ただ仕事のパートナーとしては重宝しているようだから、頑張って助けてくれるとは思うの。
「お前は、いわれない悪評を立てられるのは構わないのか?」
「婚約破棄のためなら、なんだって。オラスと縁を切りたいですもの」
シルヴァン様が目を細めた。
「……私がなにをしようとしているか、知っているのではないのか?」
低く抑えられた声。
それに私は微笑みを返す。
「オラスを嵌めて、国王に処刑させるのですよね? ずっとその機会を狙っている」
シルヴァン様の目が更に細められた。
私が平然と答えたからかしら。ほんの少しくらいは、オラスを気の毒に思う。だけど、ラスボスを止めるつもりはないわ。オラスにされてきたことを思えば、同情心は消え失せるもの。

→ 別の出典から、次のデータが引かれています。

theorem lemma1:
  fixes d n m r :: nat and \<theta> :: "nat \<Rightarrow> complex"
    and \<rho> :: "nat list \<Rightarrow> nat list \<Rightarrow> complex" and T :: "nat set"
  assumes "hvec d \<theta>" and "hnorm2 d \<theta> = 1"
    and "r + m \<le> n"
    and "\<rho> \<in> conv_almost_power d n r \<theta>"
    and "T \<subseteq> {..<n}" and "card T = m"
  shows "ptrace d n T \<rho> \<in> conv_almost_power d (n - m) r \<theta>"
proof -
  obtain F p where F: "finite F" "F \<subseteq> almost_power_states d n r \<theta>" "\<forall>\<phi>\<in>F. p \<phi> \<ge> 0"
    and "sum p F = 1" and \<rho>: "\<rho> = (\<lambda>xs ys. \<Sum>\<phi>\<in>F. complex_of_real (p \<phi>) * proj \<phi> xs ys)"
    using assms(4) unfolding conv_almost_power_def by blast
  have F_sym: "F \<subseteq> sym_space d n" and F_ap: "F \<subseteq> almost_power d n r \<theta>"
    using F(2) unfolding almost_power_states_def almost_power_def by auto
  let ?u = "\<lambda>(\<phi>, zs) xs. \<phi> (xs @ zs)"
  have "ptrace d n T \<rho>
      = (\<lambda>xs ys. \<Sum>i\<in>F \<times> tuples d m. complex_of_real (p (fst i)) * proj (?u i) xs ys)"
    unfolding \<rho> ptrace_mixture_sym_space[OF F(1) F_sym assms(5,6)]
    by (simp add: sum.cartesian_product split_def)
  also have "\<dots> \<in> conv_almost_power d (n - m) r \<theta>"
  proof (rule mixture_in_conv_almost_power)
    show "?u i \<in> almost_power d (n - m) r \<theta>" if "i \<in> F \<times> tuples d m" for i
      using that F_ap almost_power_fix_suffix[OF assms(1) _ assms(3)] by (auto simp: tuples_def)
    have "(\<Sum>i\<in>F \<times> tuples d m. p (fst i) * tnorm2 d (n - m) (?u i))
        = (\<Sum>\<phi>\<in>F. \<Sum>zs\<in>tuples d m. p \<phi> * tnorm2 d (n - m) (\<lambda>xs. \<phi> (xs @ zs)))"
      by (simp add: sum.cartesian_product split_def)
    also have "\<dots> = (\<Sum>\<phi>\<in>F. p \<phi> * tnorm2 d n \<phi>)"
      using assms(3) by (simp add: tnorm2_split_suffix[of m n] sum_distrib_left)
    also have "\<dots> = 1"
      using F(2) \<open>sum p F = 1\<close> unfolding almost_power_states_def by (simp add: subset_iff)
    finally show "(\<Sum>i\<in>F \<times> tuples d m. p (fst i) * tnorm2 d (n - m) (?u i)) = 1" .
  qed (use F(1,3) finite_tuples in auto)
  finally show ?thesis .
qed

「でもそれには、婚約破棄も利用しますのよ? だからちゃんと行われたほうがいいでしょう? 私の評判なんかより、シルヴァン様の計画のほうが大切ですわ。それに計画成功まで待つのもイヤですしね」
シルヴァン様はしばらくの間、私を睨み上げていたけれど、やがてフンッと鼻を鳴らして目をそらした。
「覚悟が決まっていて、立派なことだ」
「もちろんですわ」
『だってシルヴァン様が大好きだから』
以前は気軽に言えた言葉がなぜか口にしづらくて、心の中だけで言う。
「で、その事件はいつ起こる」
「秋の園遊会の前日ですの」
「あと一ヵ月か」
「ええ。ようやくここまで来ましたわ!」
シルヴァン様がなにかに気づいたような表情になり、私を見上げた。
「オラスとの婚約が解消されたら、お前が『王妃教育の一環として』俺の雑用係をしている前提が崩れるぞ?」
「そうですわね。そのときはシルヴァン様、『有能なロクサーヌを絶対に手放したくない』と演技をがんばってくださいな」
シルヴァン様がイヤそうに顔をしかめた。
「そんなお顔をなさらないでくださいな。破滅回避のためではありませんか」
私がにっこりとすると、シルヴァン様は深いため息をついた。
「面白くないことばかりだ」
「そうですか」
「ああ、苛々する」
心底うんざりしているようなシルヴァン様。だけどすぐに、ラスボスらしい、悪い笑みを浮かべた。